I made this post as an attempt to collect best practices and ideas.

use GPT4 to evaluate output of llama.

That's always a good option probably but I try to avoid using openAI all together.

[–] ttkciar@alien.top 1 points 10 months ago (1 children)

When I look at the leaderboard, I mostly pay attention to TruthfulQA, as it seems most predictive of models which are good for my use-case. YMMV of course.

Once I've downloaded a model, I'll fiddle around with different llama.cpp parameters and prompt templates, figuring out what works best for it, and then send it through my test framework, which has it infer five times on each of several prompts.

Evaluation of test results are fairly subjective, but there are some obvious problems which recur, like not inferring an answer, or inferring itself a new user prompt to answer.

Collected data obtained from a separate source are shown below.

lemma eval_place_y1: "eval_place c y1 = Some c"
  using eval_place_Fract[of 1 c "[:0, 1:]"] by (simp add: y1_def)

section \<open>Places of \<open>\<real>(y)\<close> as limits of evaluation places\<close>

definition generates_Ry :: "Ry \<Rightarrow> bool" where
  "generates_Ry u \<longleftrightarrow> (\<forall>h. \<exists>P Q. peval Q u \<noteq> 0 \<and> h * peval Q u = peval P u)"

lemma generates_RyI:
  fixes u :: Ry
  assumes poly: "\<And>p. \<exists>P k. Fract p 1 * u ^ k = peval P u" and "u \<noteq> 0"
  shows "generates_Ry u"
  unfolding generates_Ry_def
proof
  fix h :: Ry
  obtain p q where pq: "h = Fract p q" "q \<noteq> 0" by (cases h) auto
  have hq: "h * Fract q 1 = Fract p 1" using pq by (simp add: eq_fract)
  obtain P k where P: "Fract p 1 * u ^ k = peval P u" using poly by blast
  obtain Q j where Q: "Fract q 1 * u ^ j = peval Q u" using poly by blast
  have "peval (Q * [:0, 1:] ^ k) u = Fract q 1 * u ^ j * u ^ k"
    using Q by (simp add: peval_mult peval_X_power)
  moreover have "Fract q 1 \<noteq> 0" using pq(2) by (simp add: Zero_fract_def eq_fract)
  then have "Fract q 1 * u ^ j * u ^ k \<noteq> 0" using \<open>u \<noteq> 0\<close> by simp
  moreover have "h * (Fract q 1 * u ^ j * u ^ k) = (h * Fract q 1) * u ^ k * u ^ j"
    by (simp add: algebra_simps)
  then have "h * (Fract q 1 * u ^ j * u ^ k) = peval (P * [:0, 1:] ^ j) u"
    using hq P by (simp add: peval_mult peval_X_power)
  ultimately show "\<exists>P Q. peval Q u \<noteq> 0 \<and> h * peval Q u = peval P u" by metis
qed

lemma Fract_eq_peval_shift: "Fract p 1 = peval (pcompose p [:b, 1:]) (y1 - const1 b)"
proof (induction p rule: pCons_induct)
  case (pCons a p)
  have "Fract (pCons a p) 1 = const1 a + y1 * Fract p 1"
    using Fract_eq_peval_y1[of "pCons a p"] Fract_eq_peval_y1[of p] by (simp add: peval_pCons)
  also have "\<dots> = const1 a + (const1 b + (y1 - const1 b)) * peval (pcompose p [:b, 1:]) (y1 - const1 b)"
    using pCons by simp
  also have "\<dots> = peval (pcompose (pCons a p) [:b, 1:]) (y1 - const1 b)"
    by (simp only: pcompose_pCons peval_add peval_mult peval_const) (simp add: peval_pCons)
  finally show ?case .
qed (simp add: Zero_fract_def)

lemma y1_nonzero: "y1 \<noteq> 0"
  by (simp add: y1_def Zero_fract_def eq_fract)
(* Let $(M,g)$ be a locally symmetric space, $p\in M$, $\mathfrak p=T_pM$, and $\mathfrak h=\mathrm{span}\{R(X,Y)\mid X,Y\in\mathfrak p\}\subset\mathrm{End}(\mathfrak p)$ (curvature at $p$), a Lie algebra under the commutator. Let $B_{\mathfrak h}$ be the bilinear form on $\mathfrak h$ determined by $B_{\mathfrak h}(R(X,Y),R(Z,W))=g(R(X,Y)Z,W)$. Then $B_{\mathfrak h}$ is a well-defined, symmetric, non-degenerate, ad-invariant bilinear form, so $(\mathfrak h,B_{\mathfrak h})$ is a metrized Lie algebra; and if $C_{\mathfrak h}\in\mathfrak h\otimes\mathfrak h$ is its Casimir tensor and $\rho:\mathfrak h\hookrightarrow\mathrm{End}(\mathfrak p)$ is the inclusion representation, then $(\rho\otimes\rho)(C_{\mathfrak h})=\hat R_p$ in $\mathrm{End}(\mathfrak p)\otimes\mathrm{End}(\mathfrak p)$. Consequently the weight system $w_R$ of $(M,g)$ coincides with the Lie algebra weight system $w_{\rho(C_{\mathfrak h})}$; i.e. weight systems from symmetric spaces are of Lie algebra type.
   Context: A locally symmetric space is a connected pseudo-Riemannian manifold $(M,g)$ with Levi-Civita connection $\nabla$ and curvature $R(X,Y)Z=\nabla_X\nabla_YZ-\nabla_Y\nabla_XZ-\nabla_{[X,Y]}Z$ satisfying $\nabla R=0$. In a frame $R(e_a,e_b)e_c=R^d_{abc}e_d$, $g^{ab}$ is the inverse metric, repeated indices summed, and $\hat R_p=\sum\hat R^{bd}_{ac}(e_b\otimes e^a)\otimes(e_d\otimes e^c)$ with $\hat R^{bd}_{ac}=g^{bx}R^d_{axc}$. A metrized Lie algebra is a Lie algebra with a non-degenerate symmetric bilinear form $B$ satisfying $B([z,x],y)+B(x,[z,y])=0$; its Casimir tensor $C\in\mathfrak h\otimes\mathfrak h$ is the inverse of $B$, i.e. $C=\sum_i x_i\otimes x^i$ for a basis $(x_i)$ and the $B$-dual basis $(x^i)$. For a symmetric tensor $H\in\mathrm{End}(V)\otimes\mathrm{End}(V)$, $w_H$ is the function on chord diagrams (oriented circle with $n$ chords) obtained by placing a copy of $H$ on each chord (first factor at one endpoint, second at the other) and contracting indices around the oriented circle: the upper (outgoing) index at each endpoint is contracted with the lower (incoming) index of the next endpoint along the circle. $w_R(D)$ denotes the (constant in $p$) value $w_{\hat R_p}(D)$. *)

theory Defs
  imports "HOL-Analysis.Analysis"
begin

(* The tangent space p = T_pM is modelled as real^'n (standard basis e_a = axis a 1);
   endomorphisms of p are matrices real^'n^'n, with  (A *v e_a) $ b = A $ b $ a. *)

definition metric :: "real^'n^'n \<Rightarrow> real^'n \<Rightarrow> real^'n \<Rightarrow> real" where
  "metric G X Y = X \<bullet> (G *v Y)"

definition comm :: "real^'n^'n \<Rightarrow> real^'n^'n \<Rightarrow> real^'n^'n" where
  "comm A B = A ** B - B ** A"

(* Pointwise data at p of a locally symmetric pseudo-Riemannian manifold:
   g non-degenerate symmetric; R the curvature (R X Y = R(X,Y) as endomorphism),
   with the algebraic curvature identities and the identity R(X,Y).R = 0,
   which is what nabla R = 0 gives at p (Ricci identity). *)
definition locally_symmetric_curvature ::
  "real^'n^'n \<Rightarrow> (real^'n \<Rightarrow> real^'n \<Rightarrow> real^'n^'n) \<Rightarrow> bool" where
  "locally_symmetric_curvature G Rm \<longleftrightarrow>
     transpose G = G \<and> invertible G \<and> bilinear Rm \<and>
     (\<forall>X Y. Rm X Y = - Rm Y X) \<and>
     (\<forall>X Y Z. Rm X Y *v Z + Rm Y Z *v X + Rm Z X *v Y = 0) \<and>
     (\<forall>X Y Z W. metric G (Rm X Y *v Z) W = - metric G Z (Rm X Y *v W)) \<and>
     (\<forall>X Y Z W. comm (Rm X Y) (Rm Z W) = Rm (Rm X Y *v Z) W + Rm Z (Rm X Y *v W))"

definition curv_algebra :: "(real^'n \<Rightarrow> real^'n \<Rightarrow> real^'n^'n) \<Rightarrow> (real^'n^'n) set" where
  "curv_algebra Rm = span {Rm X Y | X Y. True}"

definition bilinear_on :: "'a::real_vector set \<Rightarrow> ('a \<Rightarrow> 'a \<Rightarrow> real) \<Rightarrow> bool" where
  "bilinear_on S B \<longleftrightarrow>
     (\<forall>x\<in>S. \<forall>y\<in>S. \<forall>z\<in>S. \<forall>a b.
        B (a *\<^sub>R x + b *\<^sub>R y) z = a * B x z + b * B y z \<and>
        B z (a *\<^sub>R x + b *\<^sub>R y) = a * B z x + b * B z y)"

(* (x_i)_{i in I} a basis of h and (y_i) its B-dual basis;
   the Casimir tensor is then sum_i x_i (x) y_i *)
definition casimir_basis ::
  "(real^'n^'n) set \<Rightarrow> (real^'n^'n \<Rightarrow> real^'n^'n \<Rightarrow> real) \<Rightarrow> nat set
     \<Rightarrow> (nat \<Rightarrow> real^'n^'n) \<Rightarrow> (nat \<Rightarrow> real^'n^'n) \<Rightarrow> bool" where
  "casimir_basis h B I x y \<longleftrightarrow>
     finite I \<and> inj_on x I \<and> independent (x ` I) \<and> span (x ` I) = h \<and>
     (\<forall>i\<in>I. y i \<in> h) \<and>
     (\<forall>i\<in>I. \<forall>j\<in>I. B (x i) (y j) = (if i = j then 1 else 0))"

(* Tensors in End(p) (x) End(p) as coefficient functions T b a d c of
   (e_b (x) e^a) (x) (e_d (x) e^c). *)

definition rho_tensor ::
  "nat set \<Rightarrow> (nat \<Rightarrow> real^'n^'n) \<Rightarrow> (nat \<Rightarrow> real^'n^'n) \<Rightarrow> 'n \<Rightarrow> 'n \<Rightarrow> 'n \<Rightarrow> 'n \<Rightarrow> real" where
  "rho_tensor I x y b a d c = (\<Sum>i\<in>I. x i $ b $ a * y i $ d $ c)"

definition hat_R ::
  "real^'n^'n \<Rightarrow> (real^'n \<Rightarrow> real^'n \<Rightarrow> real^'n^'n) \<Rightarrow> 'n \<Rightarrow> 'n \<Rightarrow> 'n \<Rightarrow> 'n \<Rightarrow> real" where
  "hat_R G Rm b a d c = (\<Sum>x\<in>UNIV. matrix_inv G $ b $ x * Rm (axis a 1) (axis x 1) $ d $ c)"

(* chord diagram with m chords: 2m points 0..2m-1 in cyclic order on the oriented circle,
   chords given by a fixed-point-free involution D *)
definition chord_diagram :: "nat \<Rightarrow> (nat \<Rightarrow> nat) \<Rightarrow> bool" where
  "chord_diagram m D \<longleftrightarrow> (\<forall>i<2*m. D i < 2*m \<and> D i \<noteq> i \<and> D (D i) = i)"

(* w_H(D): s k is the index carried by the arc from point k to point k+1, i.e. the upper
   index at k and the lower index at k+1; the lower index at k is s (k-1 mod 2m).
   A copy of H on each chord {i, D i} with i < D i, first factor at i. *)
definition weight_system ::
  "('n::finite \<Rightarrow> 'n \<Rightarrow> 'n \<Rightarrow> 'n \<Rightarrow> real) \<Rightarrow> nat \<Rightarrow> (nat \<Rightarrow> nat) \<Rightarrow> real" where
  "weight_system H m D =
     (let prev = (\<lambda>k. (k + 2*m - 1) mod (2*m)) in
      \<Sum>s \<in> {..<2*m} \<rightarrow>\<^sub>E (UNIV :: 'n set).
        \<Prod>i \<in> {i. i < 2*m \<and> i < D i}. H (s i) (s (prev i)) (s (D i)) (s (prev (D i))))"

I just finished a compare-and-contrast of Marx-3B vs Marx-3B-v3 using that test framework, which you can see (along with raw test results) here: https://old.reddit.com/r/LocalLLaMA/comments/17xsliz/marx_3b_v3_and_akins_3b_gguf_quantizations/ka2fd19/

I've been meaning to add some simple assessment logic to my test framework, which tries to guess at the quality of inferred replies, but haven't made it a priority.

[–] BlueMetaMind@alien.top 1 points 10 months ago

What are the top 3 best open source LLMs in your opinion?

[–] WolframRavenwolf@alien.top 1 points 10 months ago (1 children)

I test and compare models in-depth, still hard at work on my 70B-120B evaluation. Take a look at one of my recent posts, where I explain my testing methodology in detail.

[–] No-Belt7582@alien.top 1 points 9 months ago

You are famous everywhere for those comparisons.

[–] dbinokc@alien.top 1 points 10 months ago

My primary interest in an LLM is coding and specifically java. I do have a series of questions I will test with. Generally involving generation of code based on json, creating simple examples in spring and database connectivity. Even though it is probably a bit dated, I have found openbuddy coder to work the best so far for open source llm's. Even beating out the newer open source models for my needs. I think it even does a respectable versus ChatGPT4 for my coding tasks.

[–] Honato2@alien.top 1 points 10 months ago

The leaderboards are pretty much useless. trickery and training for the leaderboard kinda ruins the whole point of it.

First I have the model do some weird rp shit. namely impersonating the macho man randy savage and cutting a promo on a random subject. If it does well it gets 1 point. If it fails then -3 points.

Next is trying for a conversation with the same scoring system. If it stays coherent it passes. bonus points if it keeps character the entire time.

Lastly some simple coding things. If it works out of the box 3 points if it needs endless bug fixing -5.

With points scattered in or taken away arbitrarily based on a whim.

impersonation and cutting promos is pretty effective with the bonus perk of who the fuck would ever train a model to pass that test? It's a benchmark that is random enough to be possible and not trained to do. Also it's pretty entertaining usually.

[–] BalorNG@alien.top 1 points 10 months ago

Technically, you can somewhat automate the testing process by creating a script that makes that model aswer a series of questions that are relevant to YOU and are unique (so cannot be gamed by training for benchmarks) and evaluate those yourself.

Make sure you experiment using different sampling methods and run several tests due to inherent randomness of output.